Chief of Staff to the First Lady of the United States
- Incumbent
- Assumed office January 20, 2025
- President: Donald Trump
- First Lady: Melania Trump
- Preceded by: Anthony Bernal

Personal details
- Born: Hayley D'Antuono
- Spouse: Beau Harrison ​(m. 2022)​
- Education: Elon University (BA)

= Hayley Harrison =

American political aide

Hayley Harrison (née D'Antuono) is an American political aide who is the current chief of staff to the first lady of the United States. She is serving under Melania Trump during her second tenure as first lady. Harrison previously held roles within the first presidency of Donald Trump, including as Melania Trump's director of operations and as a special assistant to the president.
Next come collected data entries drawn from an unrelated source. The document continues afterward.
lemma shell_sum_add: "shell_sum (\<lambda>m n. f m n + g m n) K = shell_sum f K + shell_sum g K"
  unfolding shell_sum_def by (simp add: sum.distrib ac_simps)

lemma abs_shell_sum_le:
  fixes f :: "nat \<Rightarrow> nat \<Rightarrow> 'a::ordered_ab_group_add_abs"
  shows "\<bar>shell_sum f K\<bar> \<le> shell_sum (\<lambda>m n. \<bar>f m n\<bar>) K"
  unfolding shell_sum_def by (rule order_trans[OF abs_triangle_ineq add_mono[OF sum_abs sum_abs]])

lemma shell_sum_restrict_sums:
  fixes f :: "nat \<Rightarrow> nat \<Rightarrow> real"
  assumes "finite S"
  shows "(\<lambda>K. shell_sum (\<lambda>m n. if (m, n) \<in> S then f m n else 0) K) sums (\<Sum>(m, n)\<in>S. f m n)"
proof -
  define g where "g m n = (if (m, n) \<in> S then f m n else 0)" for m n
  obtain R where "fst ` S \<union> snd ` S \<subseteq> {..<R}"
    using finite_nat_bounded \<open>finite S\<close> by (metis finite_Un finite_imageI)
  then have S_sub: "S \<subseteq> {..<R} \<times> {..<R}" by force
  have g_outside: "shell_sum g K = 0" if "K \<notin> {..<R}" for K
  proof -
    have "(K, i) \<notin> S" "(i, K) \<notin> S" for i
      using that S_sub by auto
    then show ?thesis by (simp add: shell_sum_def g_def)
  qed
  have "(\<Sum>(m, n)\<in>S. f m n) = (\<Sum>(m, n)\<in>{..<R} \<times> {..<R}. g m n)"
    using S_sub by (intro sum.mono_neutral_cong_left) (auto simp: g_def)
  also have "\<dots> = (\<Sum>K<R. shell_sum g K)"
    by (simp add: sum.cartesian_product[symmetric] sum_square_eq_sum_shell_sum)
  finally have sum_S: "(\<Sum>(m, n)\<in>S. f m n) = (\<Sum>K<R. shell_sum g K)" .
  have "shell_sum g sums (\<Sum>K<R. shell_sum g K)"
    by (intro sums_finite g_outside) simp
  then show ?thesis
    using sum_S by (simp add: g_def[abs_def])
qed

lemma shell_series_minus_finite_sum_le:
  fixes f :: "nat \<Rightarrow> nat \<Rightarrow> real"
  assumes bound: "\<And>K. shell_sum (\<lambda>m n. \<bar>f m n\<bar>) K \<le> \<beta> K" and "summable \<beta>"
    and "finite S" and square: "{..N} \<times> {..N} \<subseteq> S"
  shows "\<bar>(\<Sum>K. shell_sum f K) - (\<Sum>(m, n)\<in>S. f m n)\<bar> \<le> (\<Sum>K. \<beta> (K + Suc N))"
proof -
  define g where "g m n = (if (m, n) \<in> S then f m n else 0)" for m n
  define h where "h m n = (if (m, n) \<in> S then 0 else f m n)" for m n
  have g: "shell_sum g sums (\<Sum>(m, n)\<in>S. f m n)"
    unfolding g_def using shell_sum_restrict_sums[OF \<open>finite S\<close>] by (simp add: fun_eq_iff)
  have h_bound: "\<bar>shell_sum h K\<bar> \<le> \<beta> K" for K
  proof -
    have "shell_sum (\<lambda>m n. \<bar>h m n\<bar>) K \<le> shell_sum (\<lambda>m n. \<bar>f m n\<bar>) K"
      unfolding shell_sum_def h_def by (intro add_mono sum_mono) auto
    then show ?thesis using abs_shell_sum_le[of h K] bound[of K] by linarith
  qed
  have summable_h: "summable (shell_sum h)"
    by (rule summable_comparison_test'[OF \<open>summable \<beta>\<close>, where N = 0]) (simp add: h_bound)
  have h_square: "shell_sum h K = 0" if "K < Suc N" for K
  proof -
    have "(K, i) \<in> S" "(i, K) \<in> S" if "i \<le> K" for i
      using square that \<open>K < Suc N\<close> by auto
    then show ?thesis by (auto simp: shell_sum_def h_def intro!: sum.neutral)
  qed
  have "f = (\<lambda>m n. g m n + h m n)"
    by (simp add: g_def h_def fun_eq_iff)
  then have "(\<Sum>K. shell_sum f K) - (\<Sum>(m, n)\<in>S. f m n) = (\<Sum>K. shell_sum h K)"
    using suminf_add[OF sums_summable[OF g] summable_h] sums_unique[OF g] by (simp add: shell_sum_add)
  also have "\<dots> = (\<Sum>K. shell_sum h (K + Suc N))"
    using suminf_split_initial_segment[OF summable_h, of "Suc N"] h_square by simp
  also have "\<bar>\<dots>\<bar> \<le> (\<Sum>K. \<beta> (K + Suc N))"
    unfolding real_norm_def[symmetric]
    by (intro norm_suminf_le summable_ignore_initial_segment[OF \<open>summable \<beta>\<close>])
      (simp add: h_bound)
  finally show ?thesis .
qed

section \<open>The power series of \<open>I\<^sub>0\<close>\<close>

lemma fact_mult_le_fact_add: "fact m * fact n \<le> (fact (m + n) :: real)"
proof -
  have "fact m * fact n * real ((m + n) choose m) = fact (m + n)"
    using binomial_fact_lemma[of m "m + n"] by (metis add_diff_cancel_left' le_add1 of_nat_fact of_nat_mult)
  moreover have "1 \<le> real ((m + n) choose m)" by (simp add: Suc_leI)
  ultimately show ?thesis
    using mult_left_mono[of 1 "real ((m + n) choose m)" "fact m * fact n"] by simp
qed

definition bessel_term :: "real \<Rightarrow> nat \<Rightarrow> real" where
  "bessel_term z j = z ^ j / (fact j)^2"

lemma summable_bessel_term: "summable (bessel_term z)"
proof (rule summable_comparison_test'[OF summable_exp[of "\<bar>z\<bar>"], where N = 0])
  fix n :: nat
  have "fact n \<le> (fact n :: real)^2"
    using mult_right_mono[OF fact_ge_1[of n], of "fact n"] by (simp add: power2_eq_square)
  then have "\<bar>z\<bar> ^ n / (fact n)^2 \<le> \<bar>z\<bar> ^ n / fact n"
    by (intro divide_left_mono) auto
  then show "norm (bessel_term z n) \<le> inverse (fact n) * \<bar>z\<bar> ^ n"
    by (simp add: bessel_term_def abs_mult power_abs field_simps)
qed

lemma bessel_term_nonneg: "0 \<le> z \<Longrightarrow> 0 \<le> bessel_term z j"
  by (simp add: bessel_term_def)

lemma bessel_I0_eq_suminf:
  assumes "0 \<le> Y"
  shows "bessel_I0 (2 * sqrt Y * x) = (\<Sum>j. bessel_term (Y * x^2) j)"
proof -
  have "(2 * sqrt Y * x / 2) ^ (2 * j) = (Y * x^2) ^ j" for j
    using assms by (simp add: power_mult power_mult_distrib)
  then show ?thesis by (simp add: bessel_I0_def bessel_term_def)
qed

lemma one_le_bessel_I0:
  assumes "0 \<le> Y"
  shows "1 \<le> bessel_I0 (2 * sqrt Y * x)"
proof -
  have "(\<Sum>j<1. bessel_term (Y * x^2) j) \<le> (\<Sum>j. bessel_term (Y * x^2) j)"
    using assms by (intro sum_le_suminf summable_bessel_term) (auto simp: bessel_term_nonneg)
  then show ?thesis
    using assms by (simp add: bessel_I0_eq_suminf bessel_term_def[of _ 0])
qed

lemma suminf_bessel_term_tail_le:
  assumes "0 \<le> z"
  shows "(\<Sum>K. bessel_term z (K + L)) \<le> bessel_term z L * (\<Sum>K. bessel_term z K)"
proof -
  have "bessel_term z (K + L) \<le> bessel_term z L * bessel_term z K" for K
  proof -
    have "(fact K * fact L)^2 \<le> (fact (K + L) :: real)^2"
      using fact_mult_le_fact_add[of K L] by (intro power_mono) auto
    then have "z ^ (K + L) / (fact (K + L))^2 \<le> z ^ (K + L) / (fact K * fact L)^2"
      using assms by (intro divide_left_mono) auto
    then show ?thesis by (simp add: bessel_term_def power_add field_simps)
  qed
  then have "(\<Sum>K. bessel_term z (K + L)) \<le> (\<Sum>K. bessel_term z L * bessel_term z K)"
    by (intro suminf_le summable_mult summable_bessel_term summable_ignore_initial_segment)
  then show ?thesis by (simp add: suminf_mult[OF summable_bessel_term])
qed

lemma sum_power_div_fact_mult_fact:
  "(\<Sum>i\<le>L. G ^ (L - i) / (fact (L - i) * fact i)) = (G + 1) ^ L / (fact L :: real)"
proof -
  have "(G + 1) ^ L = (\<Sum>i\<le>L. real (L choose i) * 1 ^ i * G ^ (L - i))"
    by (subst add.commute) (rule binomial_ring)
  also have "\<dots> = (\<Sum>i\<le>L. fact L * (G ^ (L - i) / (fact (L - i) * fact i)))"
    by (intro sum.cong refl) (simp add: binomial_fact field_simps)
  also have "\<dots> = fact L * (\<Sum>i\<le>L. G ^ (L - i) / (fact (L - i) * fact i))"
    by (rule sum_distrib_left[symmetric])
  finally show ?thesis by simp
qed

lemma summable_power_series_bessel_bound:
  fixes P :: "nat \<Rightarrow> real"
  assumes "\<And>n. \<bar>P n\<bar> \<le> M * \<rho> ^ n / (fact n)^2"
  shows "summable (\<lambda>n. P n * x ^ n)"
proof (rule summable_comparison_test'[where N = 0])
  show "summable (\<lambda>n. M * bessel_term (\<rho> * \<bar>x\<bar>) n)"
    by (intro summable_mult summable_bessel_term)
  fix n :: nat
  have "\<bar>P n * x ^ n\<bar> \<le> M * \<rho> ^ n / (fact n)^2 * \<bar>x\<bar> ^ n"
    unfolding abs_mult power_abs by (intro mult_right_mono assms) simp
  then show "norm (P n * x ^ n) \<le> M * bessel_term (\<rho> * \<bar>x\<bar>) n"
    by (simp add: bessel_term_def power_mult_distrib)
qed

section \<open>Iterated integrals over rectangles\<close>

lemma continuous_on_rectangle_integrable:
  fixes f :: "real \<Rightarrow> real \<Rightarrow> real"
  assumes cont: "continuous_on ({a..s} \<times> {c..t}) (\<lambda>(r, w). f r w)"
  shows "r \<in> {a..s} \<Longrightarrow> f r integrable_on {c..t}"
    and "(\<lambda>r. integral {c..t} (f r)) integrable_on {a..s}"
proof -
  show "f r integrable_on {c..t}" if "r \<in> {a..s}"
  proof -
    have "continuous_on {c..t} (\<lambda>w. (r, w))"
      by (intro continuous_intros)
    then have "continuous_on {c..t} (\<lambda>w. (\<lambda>(r, w). f r w) (r, w))"
      by (rule continuous_on_compose2[OF cont]) (use that in auto)
    then show ?thesis by (intro integrable_continuous_real) simp
  qed
  have "continuous_on {a..s} (\<lambda>r. integral (cbox c t) (f r))"
    using cont by (intro integral_continuous_on_param) simp
  then show "(\<lambda>r. integral {c..t} (f r)) integrable_on {a..s}"
    by (intro integrable_continuous_real) simp
qed

lemma iterated_integral_diff:
  fixes f g :: "real \<Rightarrow> real \<Rightarrow> real"
  assumes "continuous_on ({a..s} \<times> {c..t}) (\<lambda>(r, w). f r w)"
    and "continuous_on ({a..s} \<times> {c..t}) (\<lambda>(r, w). g r w)"
  shows "integral {a..s} (\<lambda>r. integral {c..t} (\<lambda>w. f r w - g r w))
    = integral {a..s} (\<lambda>r. integral {c..t} (f r)) - integral {a..s} (\<lambda>r. integral {c..t} (g r))"
proof -
  note f = continuous_on_rectangle_integrable[OF assms(1)]
  note g = continuous_on_rectangle_integrable[OF assms(2)]
  have "integral {a..s} (\<lambda>r. integral {c..t} (\<lambda>w. f r w - g r w))
      = integral {a..s} (\<lambda>r. integral {c..t} (f r) - integral {c..t} (g r))"
    using f(1) g(1) by (intro integral_cong integral_diff) auto
  also have "\<dots> = integral {a..s} (\<lambda>r. integral {c..t} (f r)) - integral {a..s} (\<lambda>r. integral {c..t} (g r))"
    using f(2) g(2) by (rule integral_diff)
  finally show ?thesis .
qed

lemma abs_iterated_integral_le:
  fixes f g :: "real \<Rightarrow> real \<Rightarrow> real"
  assumes "continuous_on ({a..s} \<times> {c..t}) (\<lambda>(r, w). f r w)"
    and "continuous_on ({a..s} \<times> {c..t}) (\<lambda>(r, w). g r w)"
    and le: "\<And>r w. r \<in> {a..s} \<Longrightarrow> w \<in> {c..t} \<Longrightarrow> \<bar>f r w\<bar> \<le> g r w"
  shows "\<bar>integral {a..s} (\<lambda>r. integral {c..t} (f r))\<bar> \<le> integral {a..s} (\<lambda>r. integral {c..t} (g r))"
proof -
  note f = continuous_on_rectangle_integrable[OF assms(1)]
  note g = continuous_on_rectangle_integrable[OF assms(2)]
  have "\<bar>integral {c..t} (f r)\<bar> \<le> integral {c..t} (g r)" if "r \<in> {a..s}" for r
    using integral_norm_bound_integral[OF f(1) g(1)] that le by simp
  then show ?thesis
    using integral_norm_bound_integral[OF f(2) g(2)] by simp
qed

lemma has_integral_power_shift:
  fixes a s :: real
  assumes "a \<le> s"
  shows "((\<lambda>r. (r - a) ^ m) has_integral (s - a) ^ Suc m / Suc m) {a..s}"
proof -
  have "((\<lambda>r. (r - a) ^ Suc m / Suc m) has_real_derivative (r - a) ^ m) (at r within {a..s})" for r
    by (rule derivative_eq_intros refl | simp)+
  then show ?thesis
    using fundamental_theorem_of_calculus[OF assms, of "\<lambda>r. (r - a) ^ Suc m / Suc m"]
    by (simp add: has_real_derivative_iff_has_vector_derivative)
qed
==Early life and education==

Harrison was raised in Alexandria, Virginia. She attended Bishop Ireton High School, where she played varsity lacrosse; she graduated in 2010. Harrison then attended Elon University, where she was a member of the Phi Mu fraternity; she received a Bachelor of Arts in psychology in 2014. While there, she coauthored a study titled "Gender Differences in Student Perceptions of Literacy Activities", which was presented at the 26th annual Convention of the Association for Psychological Science.

== Career ==
Harrison began her career in politics as an office manager and scheduler for U.S. representative John Ratcliffe (R-TX), in Ratcliffe's first term in Congress. She worked in Ratcliffe's office until March, when she took a position as scheduler for U.S. first lady Melania Trump, following a recommendation from Ratcliffe. Over the course of Donald Trump’s first presidency, she received multiple promotions, eventually serving in a dual role as Melania Trump’s director of operations and as a special assistant to the president.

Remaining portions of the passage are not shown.